UISAR monotonically decreased as the constraint on transmit homogeneity was relaxed, i.e., when the RMSE of the excited profile increased [Figure 2]. The layer of HPM had no effect on the UISAR, regardless of relative permittivity, because the UISAR depends on the best possible field distribution in the sample within the constraints of the Maxwell equations. Figure 3A shows the typical L-curve relationship between excitation RMSE and SAR for different transmit arrays, for the case without HPM between the coils and the sphere. Figure 3B presents the corresponding normalized L-curves showing absolute array performance. The normalized L-curves moved closer to the origin of the axes for an increasing number of coil elements, indicating that larger arrays can approach UISAR. In particular, for an almost perfect excitation (RMSE = 0.05), global SAR decreased by more than half, from 3.7 times the UISAR to 1.4 times the UISAR, using 64 vs. 24 array elements. The L-curves varied in shape for each array configuration, based on the number of array elements crossing or neighboring the transverse plane, since these were the coils contributing the most to the excitation of the target FA profile. An example of this is shown in Figure 3A by the crossing of the L-curves corresponding to the 32- and 48-element arrays.

Figure 2.

Ultimate intrinsic SAR, displayed in arbitrary units, for a SAR-optimized RF shimming excitation in a transverse FOV through the center of a homogeneous sphere, as a function of excitation profile fidelity. Loosening the transmit homogeneity constraint allows for decreasing SAR requirements. A subset of the simulated RF shimming excitation profiles, with different degrees of homogeneity, are shown at the bottom.

Figure 3.

L-curves showing global SAR as a function of the root mean squared error (RMSE) of the excitation profile for transmit coil arrays with various numbers of elements. A) Global SAR (arbitrary units) as a function of RMSE. B) SAR values normalized by the UISAR as a function of RMSE. Dashed lines pointing toward infinite SAR indicate projected performance for coil designs that do not have enough degrees of freedom to achieve a near-perfect excitation. No HPM layer was used for these cases.

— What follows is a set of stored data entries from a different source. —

lemma right_ideal_all_shifts_ultrafilters: "right_ideal (all_shifts_ultrafilters A)"
  unfolding right_ideal_def
proof (intro ballI)
  fix x u assume x: "x \<in> all_shifts_ultrafilters A" and u: "u \<in> betaN"
  have "shifts_in (shift A n) x = UNIV" for n
    using x by (auto simp: all_shifts_ultrafilters_def shifts_in_def shift_shift)
  then have "shift A n \<in> uplus x u" for n
    using u by (simp add: mem_uplus_iff betaN_iff ultrafilter_UNIV)
  moreover have "uplus x u \<in> betaN"
    using x u uplus_betaN unfolding all_shifts_ultrafilters_def by blast
  ultimately show "uplus x u \<in> all_shifts_ultrafilters A"
    unfolding all_shifts_ultrafilters_def by blast
qed

lemma shift_central_if_all_shifts_in_nonprincipal:
  assumes p: "is_ultrafilter p" "\<not> principal p" and shifts: "\<And>n. shift A n \<in> p"
  shows "central (shift A n)"
proof -
  have "p \<in> all_shifts_ultrafilters A"
    using p(1) shifts by (simp add: all_shifts_ultrafilters_def betaN_iff)
  then have "\<exists>e\<in>all_shifts_ultrafilters A. minimal_idempotent e"
    using p by (intro beta_closed_right_ideal_minimal_idempotent beta_closed_all_shifts_ultrafilters
        right_ideal_all_shifts_ultrafilters) (auto simp: betaN_iff)
  then obtain e where "e \<in> all_shifts_ultrafilters A" "minimal_idempotent e" by blast
  then show ?thesis
    unfolding central_def all_shifts_ultrafilters_def by blast
qed

lemma nonprincipal_ultrafilter_decreasing:
  fixes T :: "nat \<Rightarrow> nat set"
  assumes decreasing: "\<And>M N. M \<le> N \<Longrightarrow> T N \<subseteq> T M"
    and nonempty: "\<And>N. T N \<noteq> {}"
    and vanishing: "\<And>k. \<exists>N. k \<notin> T N"
  shows "\<exists>p. is_ultrafilter p \<and> \<not> principal p \<and> range T \<subseteq> p"
proof -
  have "finite_intersection_property (range T)"
    unfolding finite_intersection_property_def
  proof (intro allI impI)
    fix G assume G: "finite G" "G \<subseteq> range T"
    then obtain K where K: "finite K" "G = T ` K" by (metis finite_subset_image)
    have "T (Max (insert 0 K)) \<subseteq> T k" if "k \<in> K" for k
      by (rule decreasing) (simp add: K(1) that)
    then have "T (Max (insert 0 K)) \<subseteq> \<Inter>G"
      using K(2) by blast
    then show "\<Inter>G \<noteq> {}" using nonempty by blast
  qed
  then obtain p where p: "is_ultrafilter p" "range T \<subseteq> p"
    using ultrafilter_extending_finite_intersection_property by blast
  have "{k} \<notin> p" for k
  proof
    assume "{k} \<in> p"
    obtain N where "k \<notin> T N" using vanishing by blast
    then have "{k} \<inter> T N = {}" by blast
    with \<open>{k} \<in> p\<close> p show False
      using ultrafilter_Int_iff[OF p(1)] ultrafilter_empty[OF p(1)] by (metis rangeI subsetD)
  qed
  then have "\<not> principal p" using principal_iff_singleton[OF p(1)] by blast
  with p show ?thesis by blast
qed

For the case with HPM completely filling the space between the coils and the surface of the sample, coil performance improved as relative permittivity of the HPM was increased up to an optimal value, after which it began to worsen. Figure 4 depicts this evaluation for a 48-channel coil; 24- and 32-channel coil analyses are included in supplemental material [Supporting Figure S1]. For each array, we identified an optimal relative permittivity based on the L-curve closest to the origin. For the 24-, 32-, and 48-element arrays, the optimal relative permittivity values for the simulated geometry were 175, 150, and 100, respectively, suggesting that a larger total number of transmit elements and smaller individual transmit elements reach maximum performance with lower relative permittivity. Using these optimal relative permittivity values, global SAR for a fixed excitation profile (RMSE = 0.05) decreased by 57.2%, 67.6%, and 78.0% with respect to the case without HPM, for the three arrays, respectively. When the number of coils was very large, as in the case of the 64-element array, negligible performance improvement was observed with the addition of HPM of any relative permittivity value (results not shown).

Figure 4.

L-curves with high permittivity material filling the space beneath a 48-loop array. Increasing the relative permittivity values improves coil performance (solid lines) up to an optimum permittivity (green line). Increasing the relative permittivity beyond the optimal value degrades coil performance (dashed lines). Using the optimal permittivity for the HPM improves array performance considerably compared to the case without HPM. Numerical values in legends indicate relative permittivity of the HPM.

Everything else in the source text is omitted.